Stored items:
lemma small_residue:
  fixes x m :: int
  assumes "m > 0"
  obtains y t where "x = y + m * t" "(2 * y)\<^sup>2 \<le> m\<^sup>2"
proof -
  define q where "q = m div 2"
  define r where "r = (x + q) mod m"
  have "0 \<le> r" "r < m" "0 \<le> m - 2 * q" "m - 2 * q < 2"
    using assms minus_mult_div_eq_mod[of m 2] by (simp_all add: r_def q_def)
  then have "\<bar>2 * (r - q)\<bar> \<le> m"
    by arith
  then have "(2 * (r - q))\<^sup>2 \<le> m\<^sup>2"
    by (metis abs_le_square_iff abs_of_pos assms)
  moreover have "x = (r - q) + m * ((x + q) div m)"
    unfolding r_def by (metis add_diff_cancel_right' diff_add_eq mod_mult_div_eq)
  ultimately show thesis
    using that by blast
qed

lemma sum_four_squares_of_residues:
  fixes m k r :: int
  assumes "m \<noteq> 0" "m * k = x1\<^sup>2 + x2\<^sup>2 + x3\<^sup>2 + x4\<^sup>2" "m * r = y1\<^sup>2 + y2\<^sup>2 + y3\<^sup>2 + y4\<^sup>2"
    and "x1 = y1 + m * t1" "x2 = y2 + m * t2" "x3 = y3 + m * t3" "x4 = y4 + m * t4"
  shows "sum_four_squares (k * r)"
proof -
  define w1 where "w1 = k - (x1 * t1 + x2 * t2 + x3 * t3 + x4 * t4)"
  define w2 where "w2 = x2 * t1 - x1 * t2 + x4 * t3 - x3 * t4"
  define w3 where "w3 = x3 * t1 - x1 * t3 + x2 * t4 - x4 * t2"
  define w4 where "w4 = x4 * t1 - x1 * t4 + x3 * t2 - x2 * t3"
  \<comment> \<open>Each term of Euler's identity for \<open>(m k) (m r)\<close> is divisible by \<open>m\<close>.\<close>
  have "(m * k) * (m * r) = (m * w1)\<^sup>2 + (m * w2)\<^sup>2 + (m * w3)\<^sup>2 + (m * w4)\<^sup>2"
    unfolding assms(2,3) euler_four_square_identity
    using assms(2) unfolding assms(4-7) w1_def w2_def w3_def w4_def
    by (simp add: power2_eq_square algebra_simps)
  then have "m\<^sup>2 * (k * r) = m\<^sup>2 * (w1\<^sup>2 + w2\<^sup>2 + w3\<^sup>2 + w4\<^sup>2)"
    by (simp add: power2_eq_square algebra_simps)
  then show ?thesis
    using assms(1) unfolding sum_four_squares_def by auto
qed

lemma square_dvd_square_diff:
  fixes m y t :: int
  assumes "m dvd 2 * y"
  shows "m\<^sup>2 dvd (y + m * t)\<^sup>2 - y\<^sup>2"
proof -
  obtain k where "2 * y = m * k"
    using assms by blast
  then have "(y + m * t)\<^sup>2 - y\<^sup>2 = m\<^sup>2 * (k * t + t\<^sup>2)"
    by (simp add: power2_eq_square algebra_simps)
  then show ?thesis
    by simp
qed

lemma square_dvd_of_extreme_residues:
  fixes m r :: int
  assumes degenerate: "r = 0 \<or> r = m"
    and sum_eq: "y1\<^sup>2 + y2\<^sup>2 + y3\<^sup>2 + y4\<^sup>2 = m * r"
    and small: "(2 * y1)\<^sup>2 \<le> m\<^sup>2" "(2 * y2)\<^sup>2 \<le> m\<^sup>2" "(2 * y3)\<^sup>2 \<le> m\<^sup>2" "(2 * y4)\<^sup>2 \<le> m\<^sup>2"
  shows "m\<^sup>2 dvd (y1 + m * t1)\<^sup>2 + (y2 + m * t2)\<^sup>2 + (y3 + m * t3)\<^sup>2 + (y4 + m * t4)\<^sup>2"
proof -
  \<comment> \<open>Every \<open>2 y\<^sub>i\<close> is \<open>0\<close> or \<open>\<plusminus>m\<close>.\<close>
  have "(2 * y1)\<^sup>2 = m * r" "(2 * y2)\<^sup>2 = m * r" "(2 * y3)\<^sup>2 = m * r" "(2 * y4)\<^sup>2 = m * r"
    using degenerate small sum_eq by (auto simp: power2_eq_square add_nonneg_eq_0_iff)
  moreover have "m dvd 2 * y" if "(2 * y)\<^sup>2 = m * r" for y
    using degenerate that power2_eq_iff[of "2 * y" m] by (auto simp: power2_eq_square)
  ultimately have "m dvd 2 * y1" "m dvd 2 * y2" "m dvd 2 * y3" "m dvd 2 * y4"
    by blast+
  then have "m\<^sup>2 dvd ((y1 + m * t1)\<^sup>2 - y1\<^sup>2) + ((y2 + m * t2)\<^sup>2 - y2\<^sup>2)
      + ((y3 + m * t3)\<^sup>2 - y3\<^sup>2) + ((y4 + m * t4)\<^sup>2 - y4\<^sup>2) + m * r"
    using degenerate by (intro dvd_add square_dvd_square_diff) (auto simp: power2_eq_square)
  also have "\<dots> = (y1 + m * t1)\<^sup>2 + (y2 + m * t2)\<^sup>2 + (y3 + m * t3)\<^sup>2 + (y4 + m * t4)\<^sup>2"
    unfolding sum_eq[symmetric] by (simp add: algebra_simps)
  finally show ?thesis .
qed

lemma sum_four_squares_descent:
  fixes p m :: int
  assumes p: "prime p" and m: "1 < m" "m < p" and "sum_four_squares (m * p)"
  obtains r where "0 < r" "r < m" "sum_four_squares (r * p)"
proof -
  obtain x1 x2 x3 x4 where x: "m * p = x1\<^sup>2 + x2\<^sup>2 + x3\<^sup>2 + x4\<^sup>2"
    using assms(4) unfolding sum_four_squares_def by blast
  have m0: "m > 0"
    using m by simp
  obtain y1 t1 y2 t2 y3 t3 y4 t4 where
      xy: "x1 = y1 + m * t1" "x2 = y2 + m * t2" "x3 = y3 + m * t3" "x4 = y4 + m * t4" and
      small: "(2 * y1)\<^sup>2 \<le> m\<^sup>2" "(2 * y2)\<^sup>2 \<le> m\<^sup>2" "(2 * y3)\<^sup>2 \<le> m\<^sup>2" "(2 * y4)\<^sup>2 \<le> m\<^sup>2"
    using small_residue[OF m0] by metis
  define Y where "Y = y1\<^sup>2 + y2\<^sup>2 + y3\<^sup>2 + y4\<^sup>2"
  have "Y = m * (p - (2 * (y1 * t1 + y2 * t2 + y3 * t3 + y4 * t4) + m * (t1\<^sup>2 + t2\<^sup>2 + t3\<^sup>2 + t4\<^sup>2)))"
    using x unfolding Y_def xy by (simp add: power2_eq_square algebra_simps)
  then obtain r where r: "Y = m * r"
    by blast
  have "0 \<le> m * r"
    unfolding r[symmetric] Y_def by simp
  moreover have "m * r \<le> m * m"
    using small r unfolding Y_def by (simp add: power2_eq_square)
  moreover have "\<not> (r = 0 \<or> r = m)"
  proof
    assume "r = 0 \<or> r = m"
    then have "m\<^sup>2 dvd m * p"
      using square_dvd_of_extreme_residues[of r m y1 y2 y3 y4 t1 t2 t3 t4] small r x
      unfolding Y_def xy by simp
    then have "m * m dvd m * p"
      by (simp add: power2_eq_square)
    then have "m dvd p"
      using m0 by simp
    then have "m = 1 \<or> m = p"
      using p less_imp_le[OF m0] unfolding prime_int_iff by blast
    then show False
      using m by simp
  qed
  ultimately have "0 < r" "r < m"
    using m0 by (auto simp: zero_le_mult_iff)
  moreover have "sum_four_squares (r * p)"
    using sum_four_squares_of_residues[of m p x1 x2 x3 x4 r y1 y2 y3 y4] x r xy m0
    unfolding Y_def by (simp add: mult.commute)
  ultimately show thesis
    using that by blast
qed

Work to complete: Where the data above reaches the line holding "define q where", begin printing, and stop after the line holding "by (metis abs_le_square_iff". Each line must be reproduced exactly, with nothing else added.

Response to the exercise:
  define q where "q = m div 2"
  define r where "r = (x + q) mod m"
  have "0 \<le> r" "r < m" "0 \<le> m - 2 * q" "m - 2 * q < 2"
    using assms minus_mult_div_eq_mod[of m 2] by (simp_all add: r_def q_def)
  then have "\<bar>2 * (r - q)\<bar> \<le> m"
    by arith
  then have "(2 * (r - q))\<^sup>2 \<le> m\<^sup>2"
    by (metis abs_le_square_iff abs_of_pos assms)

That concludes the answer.